### BRIEF
Every entry in the data below needs to be repeated exactly.

### INPUT DATA
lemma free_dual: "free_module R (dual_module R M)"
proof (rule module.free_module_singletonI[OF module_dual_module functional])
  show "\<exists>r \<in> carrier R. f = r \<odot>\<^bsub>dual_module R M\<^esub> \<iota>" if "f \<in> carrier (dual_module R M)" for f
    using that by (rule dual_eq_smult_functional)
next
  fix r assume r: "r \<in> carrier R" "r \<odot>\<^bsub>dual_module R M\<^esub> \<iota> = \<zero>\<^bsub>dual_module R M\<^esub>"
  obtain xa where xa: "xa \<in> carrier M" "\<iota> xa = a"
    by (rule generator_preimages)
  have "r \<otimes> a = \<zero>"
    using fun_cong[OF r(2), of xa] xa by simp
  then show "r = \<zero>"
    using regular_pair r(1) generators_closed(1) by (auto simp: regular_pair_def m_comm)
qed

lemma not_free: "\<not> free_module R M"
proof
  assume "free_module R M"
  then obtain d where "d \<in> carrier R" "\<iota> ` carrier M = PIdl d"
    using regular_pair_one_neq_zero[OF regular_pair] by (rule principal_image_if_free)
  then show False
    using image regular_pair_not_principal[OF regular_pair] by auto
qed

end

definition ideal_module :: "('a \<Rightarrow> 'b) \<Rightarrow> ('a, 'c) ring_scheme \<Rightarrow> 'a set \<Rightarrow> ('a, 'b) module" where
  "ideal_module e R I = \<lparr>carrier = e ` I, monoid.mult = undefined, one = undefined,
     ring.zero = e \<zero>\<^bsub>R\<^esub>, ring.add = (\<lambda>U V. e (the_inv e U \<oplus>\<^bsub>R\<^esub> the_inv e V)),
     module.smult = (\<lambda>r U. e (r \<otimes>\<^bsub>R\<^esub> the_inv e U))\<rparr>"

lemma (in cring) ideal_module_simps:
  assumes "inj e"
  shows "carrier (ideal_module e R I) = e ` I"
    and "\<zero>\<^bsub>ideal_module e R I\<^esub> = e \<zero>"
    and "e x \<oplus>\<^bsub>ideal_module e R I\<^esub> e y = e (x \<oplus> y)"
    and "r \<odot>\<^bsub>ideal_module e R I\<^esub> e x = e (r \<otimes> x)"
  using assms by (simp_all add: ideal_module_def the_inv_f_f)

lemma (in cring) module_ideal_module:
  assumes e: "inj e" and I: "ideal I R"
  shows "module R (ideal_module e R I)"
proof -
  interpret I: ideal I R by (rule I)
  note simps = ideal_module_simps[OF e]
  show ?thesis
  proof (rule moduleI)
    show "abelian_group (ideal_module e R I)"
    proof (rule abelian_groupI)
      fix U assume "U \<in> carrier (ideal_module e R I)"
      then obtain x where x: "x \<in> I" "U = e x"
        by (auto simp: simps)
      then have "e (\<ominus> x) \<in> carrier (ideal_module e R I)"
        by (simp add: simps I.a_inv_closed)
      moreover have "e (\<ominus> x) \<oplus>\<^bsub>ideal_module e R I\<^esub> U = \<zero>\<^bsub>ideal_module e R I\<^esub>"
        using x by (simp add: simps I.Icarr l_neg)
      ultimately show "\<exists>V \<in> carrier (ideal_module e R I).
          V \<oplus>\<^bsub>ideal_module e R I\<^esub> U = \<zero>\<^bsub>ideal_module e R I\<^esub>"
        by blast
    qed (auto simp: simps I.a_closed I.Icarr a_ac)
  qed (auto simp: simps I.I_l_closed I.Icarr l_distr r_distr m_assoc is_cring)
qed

### EXERCISE OUTPUT
lemma free_dual: "free_module R (dual_module R M)"
proof (rule module.free_module_singletonI[OF module_dual_module functional])
  show "\<exists>r \<in> carrier R. f = r \<odot>\<^bsub>dual_module R M\<^esub> \<iota>" if "f \<in> carrier (dual_module R M)" for f
    using that by (rule dual_eq_smult_functional)
next
  fix r assume r: "r \<in> carrier R" "r \<odot>\<^bsub>dual_module R M\<^esub> \<iota> = \<zero>\<^bsub>dual_module R M\<^esub>"
  obtain xa where xa: "xa \<in> carrier M" "\<iota> xa = a"
    by (rule generator_preimages)
  have "r \<otimes> a = \<zero>"
    using fun_cong[OF r(2), of xa] xa by simp
  then show "r = \<zero>"
    using regular_pair r(1) generators_closed(1) by (auto simp: regular_pair_def m_comm)
qed

lemma not_free: "\<not> free_module R M"
proof
  assume "free_module R M"
  then obtain d where "d \<in> carrier R" "\<iota> ` carrier M = PIdl d"
    using regular_pair_one_neq_zero[OF regular_pair] by (rule principal_image_if_free)
  then show False
    using image regular_pair_not_principal[OF regular_pair] by auto
qed

end

definition ideal_module :: "('a \<Rightarrow> 'b) \<Rightarrow> ('a, 'c) ring_scheme \<Rightarrow> 'a set \<Rightarrow> ('a, 'b) module" where
  "ideal_module e R I = \<lparr>carrier = e ` I, monoid.mult = undefined, one = undefined,
     ring.zero = e \<zero>\<^bsub>R\<^esub>, ring.add = (\<lambda>U V. e (the_inv e U \<oplus>\<^bsub>R\<^esub> the_inv e V)),
     module.smult = (\<lambda>r U. e (r \<otimes>\<^bsub>R\<^esub> the_inv e U))\<rparr>"

lemma (in cring) ideal_module_simps:
  assumes "inj e"
  shows "carrier (ideal_module e R I) = e ` I"
    and "\<zero>\<^bsub>ideal_module e R I\<^esub> = e \<zero>"
    and "e x \<oplus>\<^bsub>ideal_module e R I\<^esub> e y = e (x \<oplus> y)"
    and "r \<odot>\<^bsub>ideal_module e R I\<^esub> e x = e (r \<otimes> x)"
  using assms by (simp_all add: ideal_module_def the_inv_f_f)

lemma (in cring) module_ideal_module:
  assumes e: "inj e" and I: "ideal I R"
  shows "module R (ideal_module e R I)"
proof -
  interpret I: ideal I R by (rule I)
  note simps = ideal_module_simps[OF e]
  show ?thesis
  proof (rule moduleI)
    show "abelian_group (ideal_module e R I)"
    proof (rule abelian_groupI)
      fix U assume "U \<in> carrier (ideal_module e R I)"
      then obtain x where x: "x \<in> I" "U = e x"
        by (auto simp: simps)
      then have "e (\<ominus> x) \<in> carrier (ideal_module e R I)"
        by (simp add: simps I.a_inv_closed)
      moreover have "e (\<ominus> x) \<oplus>\<^bsub>ideal_module e R I\<^esub> U = \<zero>\<^bsub>ideal_module e R I\<^esub>"
        using x by (simp add: simps I.Icarr l_neg)
      ultimately show "\<exists>V \<in> carrier (ideal_module e R I).
          V \<oplus>\<^bsub>ideal_module e R I\<^esub> U = \<zero>\<^bsub>ideal_module e R I\<^esub>"
        by blast
    qed (auto simp: simps I.a_closed I.Icarr a_ac)
  qed (auto simp: simps I.I_l_closed I.Icarr l_distr r_distr m_assoc is_cring)
qed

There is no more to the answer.